J’aurais dû attendre le printemps. Non pas que la première rencontre avec l’homme que je vais épouser me perturbe, mais c’est la route qui est de plus en plus mauvaise. Les orignaux arrivent à peine à fendre les lames de neige. Fhélly a dû se résoudre à rester près de sa mère — et surtout sa sœur — dans le traineau. Mon petit garçon fait pitié, tu devrais le voir. Des rafales de neige retombent sur nous et les chaudes fourrures ont peine à nous isoler. Il faut parfois les renverser pour déneiger l’habitacle.

Il aime marcher avec la garde et poser des questions. Il ne m’interroge plus trop sur la raison de notre départ, comme s’il avait tout bonnement accepté. C’est Ilissia qui m’en veut, je crois. Je sens son regard, tu sais, celui qui juge sans avoir encore vécu? Celui de sa tante. Elle a vraiment ton regard et une part de toi me rassure si loin de chez moi. Enfin, mon ancien chez moi, comme tu sais.

nordicitcé15

Le fleuve s’est glacé depuis trois jours. Nous le suivons depuis un peu avant Beschevet et même s’il est plus large ici, la glace s’est imposée. Bientôt, nous verrons des ponts de glace. Je n’en ai jamais vu d’aussi longs. Ça en est presque troublant. Il ne s’agit pas de traverser une rivière à gué! Les gens sont audacieux, lorsqu’on y pense, oser faire des sentiers d’une rive à l’autre sur de l’eau gelée.
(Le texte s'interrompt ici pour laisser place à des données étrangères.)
text \<open>For \<open>k \<in> R\<close> the generator \<open>2 e\<^sub>k\<close> of the smaller group is no longer admissible, since
  \<open>\<rho> k\<close> is odd; it is traded for the sign vector \<open>\<rho> - 2 e\<^sub>k\<close>.\<close>

lemma sign_generators_insert_odd:
  assumes G: "int_submodule G" and "finite J" "j0 \<notin> J" and du: "\<forall>k\<in>J. double_unit k \<in> G"
    and \<rho>: "\<rho> \<in> G" "\<rho> j0 = 1" "\<forall>j. \<rho> j \<in> {0, 1}"
    and r: "sign_generators {g\<in>G. g j0 = 0} J r"
  shows "\<exists>r'. sign_generators G (insert j0 J) r'"
proof -
  define R where "R = {k\<in>J. r k = double_unit k \<and> \<rho> k = 1}"
  let ?r = "r(j0 := \<rho>)"
  define r' where "r' k = (if k \<in> R then (\<lambda>j. ?r j0 j - ?r k j) else ?r k)" for k
  have proj: "(\<lambda>j. h j - h j0 * \<rho> j) \<in> {g\<in>G. g j0 = 0}" if "h \<in> G" for h
    using int_submodule_lincomb[OF G that \<rho>(1), of "- h j0"] \<rho>(2) by simp
  have "G \<subseteq> int_span ?r (insert j0 J)"
  proof
    fix h assume "h \<in> G"
    then have "(\<lambda>j. h j - h j0 * \<rho> j) \<in> int_span r J" using proj r unfolding sign_generators_def by blast
    then show "h \<in> int_span ?r (insert j0 J)" by (rule int_span_insert[OF \<open>finite J\<close> \<open>j0 \<notin> J\<close>])
  qed
  also have "\<dots> \<subseteq> int_span r' (insert j0 J)"
    unfolding r'_def using \<open>finite J\<close> \<open>j0 \<notin> J\<close> by (intro int_span_flip) (auto simp: R_def)
  finally have span: "G \<subseteq> int_span r' (insert j0 J)" .
  have "admissible_generator G k (r' k)" if k: "k \<in> insert j0 J" for k
  proof -
    consider "k = j0" | "k \<in> R" | "k \<in> J" "k \<notin> R" using k R_def by blast
    then show ?thesis
    proof cases
      case 1
      then show ?thesis using \<rho> \<open>j0 \<notin> J\<close> by (auto simp: r'_def R_def admissible_generator_def)
    next
      case 2
      then have "k \<in> J" "k \<noteq> j0" "r k = double_unit k" "\<rho> k = 1" using \<open>j0 \<notin> J\<close> unfolding R_def by auto
      moreover have "(\<lambda>j. \<rho> j + (-1) * double_unit k j) \<in> G"
        using int_submodule_lincomb[OF G \<rho>(1)] du \<open>k \<in> J\<close> by blast
      moreover have "\<rho> j + (-1) * double_unit k j \<in> {-1, 0, 1}" for j
        using \<rho>(3) \<open>\<rho> k = 1\<close> by (auto simp: double_unit_def)
      ultimately show ?thesis using 2 by (simp add: r'_def admissible_generator_def)
    next
      case 3
      then have "r' k = r k" "admissible_generator {g\<in>G. g j0 = 0} k (r k)" "k \<noteq> j0"
        using r \<open>j0 \<notin> J\<close> unfolding r'_def sign_generators_def by auto
      moreover have "even (g k)"
        if "g \<in> G" "r k = double_unit k" "\<forall>g\<in>{g\<in>G. g j0 = 0}. even (g k)" for g
      proof -
        have "\<rho> k = 0" using 3 that(2) \<rho>(3) unfolding R_def by auto
        moreover have "even (g k - g j0 * \<rho> k)" using bspec[OF that(3) proj[OF that(1)]] by simp
        ultimately show ?thesis by simp
      qed
      ultimately show ?thesis unfolding admissible_generator_def by auto
    qed
  qed
  then show ?thesis using span unfolding sign_generators_def by blast
qed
Oui, j’aurais dû attendre le printemps. Je ne voulais pas le souci de retarder encore cette alliance, mais vois-tu, il me semble que j’aurais dû correspondre avec lui. Ne lève pas les yeux au ciel. Tu avais raison. J’aurais pu tenter d’établir un début de communication. Je m’approche d’un inconnu dans une cité si loin de ma contrée natale… Vais-je aimer la mer, tu crois ? Vais-je être capable de m’y faire?

Je n’ai qu’à observer Ilissia qui me scrute ou Fhélly et son sourire encore naïf. Je sais que je dois le faire. Protéger Sanglefroy, mais surtout, garder mes enfants loin de ces escalades de conflits. Je les sens si terribles. Ai-je fui? Dis-moi, ai-je simplement pris peur?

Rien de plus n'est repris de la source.